• EXERCISE: From the first line through the line containing "s \<Longrightarrow> 3", transcribe the records exactly and include no other lines.

[RECORDS PROVIDED — start]

text \<open>Double counting of the pairs (window, colour) such that the window contains two edges
  of that colour.\<close>

lemma no_rainbow_window_colour_bound:
  assumes s: "1 \<le> s" and T: "2 \<le> T" "3 * T + 1 \<le> d" "2 \<le> s \<Longrightarrow> 3 \<le> T"
    and no_rainbow: "\<And>a j. a < s \<Longrightarrow> j < d \<Longrightarrow> \<not> inj_on c (window d T a j)"
  shows "d \<le> spacing s T * (card (hubbed_wheel d s) - card (c ` hubbed_wheel d s))"
proof -
  let ?E = "hubbed_wheel d s" and ?K = "c ` hubbed_wheel d s" and ?W = "spacing s T"
  let ?starts = "{..<s} \<times> {..<d}"
  define colour_class where "colour_class k = {e \<in> ?E. c e = k}" for k
  define spoils where "spoils p k \<longleftrightarrow> snd p \<in> spoiled_starts d T (fst p) (colour_class k)" for p k
  have spoiled: "1 \<le> card {k \<in> ?K. spoils p k}" if p: "p \<in> ?starts" for p
  proof -
    have ps: "fst p < s" "snd p < d" using p by auto
    obtain e1 e2 where e: "e1 \<in> window d T (fst p) (snd p)" "e2 \<in> window d T (fst p) (snd p)"
        "e1 \<noteq> e2" "c e1 = c e2"
      using no_rainbow[OF ps] unfolding inj_on_def by blast
    moreover have "e1 \<in> ?E" "e2 \<in> ?E"
      using e window_subset_hubbed_wheel[of "fst p" s d T "snd p"] p T by auto
    ultimately have "c e1 \<in> {k \<in> ?K. spoils p k}"
      using p unfolding spoils_def spoiled_starts_def colour_class_def by auto
    then have "{k \<in> ?K. spoils p k} \<noteq> {}" by blast
    then show ?thesis by (simp add: Suc_le_eq card_gt_0_iff)
  qed
  have "s * d = (\<Sum>p\<in>?starts. 1)" by simp
  also have "\<dots> \<le> (\<Sum>p\<in>?starts. card {k \<in> ?K. spoils p k})"
    using spoiled by (rule sum_mono)
  also have "\<dots> = (\<Sum>k\<in>?K. card {p \<in> ?starts. spoils p k})"
    by (rule sum_multicount_gen) auto
  also have "\<dots> = (\<Sum>k\<in>?K. \<Sum>a<s. card (spoiled_starts d T a (colour_class k)))"
  proof (rule sum.cong)
    fix k
    have "{p \<in> ?starts. spoils p k} = (SIGMA a:{..<s}. spoiled_starts d T a (colour_class k))"
      using spoiled_starts_subset_lessThan unfolding spoils_def by fastforce
    then show "card {p \<in> ?starts. spoils p k} = (\<Sum>a<s. card (spoiled_starts d T a (colour_class k)))"
      by (simp add: card_SigmaI)
  qed simp
  also have "\<dots> \<le> (\<Sum>k\<in>?K. s * ?W * (card (colour_class k) - 1))"
    by (rule sum_mono, rule sum_card_spoiled_starts_le[OF s T]) (auto simp: colour_class_def)
  also have "\<dots> = s * ?W * (card ?E - card ?K)"
    unfolding sum_distrib_left[symmetric] colour_class_def sum_card_fibres_diff1[OF finite_hubbed_wheel] ..
  finally have "s * d \<le> s * (?W * (card ?E - card ?K))" by (simp only: mult.assoc)
  then show ?thesis using s mult_le_cancel1 by simp
qed

section \<open>Fans in the hubbed wheel\<close>

definition graph_embedding :: "'a set set \<Rightarrow> ('b \<Rightarrow> 'a) \<Rightarrow> 'b set \<Rightarrow> 'b set set \<Rightarrow> bool" where
  "graph_embedding EG f VH EH \<longleftrightarrow> inj_on f VH \<and> (\<forall>e\<in>EH. f ` e \<in> EG)"

lemma has_rainbow_copy_iff:
  assumes "\<forall>e\<in>EH. e \<subseteq> VH"
  shows "has_rainbow_copy EG c VH EH \<longleftrightarrow>
           (\<exists>f. graph_embedding EG f VH EH \<and> inj_on c ((`) f ` EH))"
proof -
  have "inj_on (\<lambda>e. c (f ` e)) EH \<longleftrightarrow> inj_on c ((`) f ` EH)" if "inj_on f VH" for f
  proof -
    have "inj_on ((`) f) EH" using inj_on_image_Pow[OF that] assms by (auto simp: inj_on_def)
    then show ?thesis using comp_inj_on_iff[of "(`) f" EH c] by (simp add: comp_def)
  qed
  then show ?thesis unfolding has_rainbow_copy_def graph_embedding_def by blast
qed

lemma graph_embedding_compose:
  assumes f: "graph_embedding EG f VH EH"
    and \<sigma>: "graph_embedding EH \<sigma> VH EH" "\<sigma> ` VH \<subseteq> VH"
  shows "graph_embedding EG (f \<circ> \<sigma>) VH EH" "(`) (f \<circ> \<sigma>) ` EH \<subseteq> (`) f ` EH"
proof -
  have image: "(f \<circ> \<sigma>) ` e = f ` (\<sigma> ` e)" for e by (rule image_comp[symmetric])
  have "inj_on (f \<circ> \<sigma>) VH"
    using f \<sigma> unfolding graph_embedding_def by (blast intro: comp_inj_on inj_on_subset)
  then show "graph_embedding EG (f \<circ> \<sigma>) VH EH"
    using f \<sigma>(1) unfolding graph_embedding_def image by blast
  show "(`) (f \<circ> \<sigma>) ` EH \<subseteq> (`) f ` EH"
    using \<sigma>(1) unfolding graph_embedding_def image by blast
qed

lemma fan_edges_subset: "e \<in> fan_edges t \<Longrightarrow> e \<subseteq> fan_vertices t"
  unfolding fan_edges_def fan_vertices_def by auto

lemma fan_edge_cases:
  assumes "e \<in> fan_edges t" "3 \<le> t"
  obtains (hub) i where "1 \<le> i" "i < t" "e = {0, i}"
        | (path) i where "1 \<le> i" "i + 1 < t" "e = {i, i + 1}"
proof -
  consider (cycle) i where "i < t" "e = {i, (i + 1) mod t}"
         | (chord) i where "2 \<le> i" "i + 2 \<le> t" "e = {0, i}"
    using assms(1) unfolding fan_edges_def by blast
  then show ?thesis
  proof cases
    case cycle
    consider "i = 0" | "i + 1 = t" | "1 \<le> i" "i + 1 < t" using cycle(1) by linarith
    then show ?thesis
    proof cases
      case 1
      then show ?thesis using cycle assms(2) hub[of 1] by simp
    next
      case 2
      then show ?thesis using cycle assms(2) hub[of i] by (simp add: insert_commute)
    next
      case 3
      then show ?thesis using cycle path[of i] by simp
    qed
  next
    case chord
    then show ?thesis using hub[of i] by simp
  qed
qed

lemma fan_cycle_edge: "i < t \<Longrightarrow> {i, (i + 1) mod t} \<in> fan_edges t"
  unfolding fan_edges_def by blast

lemma fan_hub_edge: "1 \<le> i \<Longrightarrow> i < t \<Longrightarrow> {0, i} \<in> fan_edges t"
proof -
  assume i: "1 \<le> i" "i < t"
  consider "i = 1" | "i + 1 = t" | "2 \<le> i" "i + 2 \<le> t" using i by linarith
  then show ?thesis
  proof cases
    case 1
    then show ?thesis using i fan_cycle_edge[of 0 t] by simp
  next
    case 2
    then show ?thesis using fan_cycle_edge[of i t] by (simp add: insert_commute)
  next
    case 3
    then show ?thesis unfolding fan_edges_def by blast
  qed
qed

lemma fan_path_edge: "i + 1 < t \<Longrightarrow> {i, i + 1} \<in> fan_edges t"
  using fan_cycle_edge[of i t] by simp

definition fan_at :: "nat \<Rightarrow> nat \<Rightarrow> nat \<Rightarrow> nat \<Rightarrow> nat + nat" where
  "fan_at d a j i = (if i = 0 then Inl a else Inr ((j + (i - 1)) mod d))"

[RECORDS PROVIDED — finish]

• WRITTEN ANSWER:
text \<open>Double counting of the pairs (window, colour) such that the window contains two edges
  of that colour.\<close>

lemma no_rainbow_window_colour_bound:
  assumes s: "1 \<le> s" and T: "2 \<le> T" "3 * T + 1 \<le> d" "2 \<le> s \<Longrightarrow> 3 \<le> T"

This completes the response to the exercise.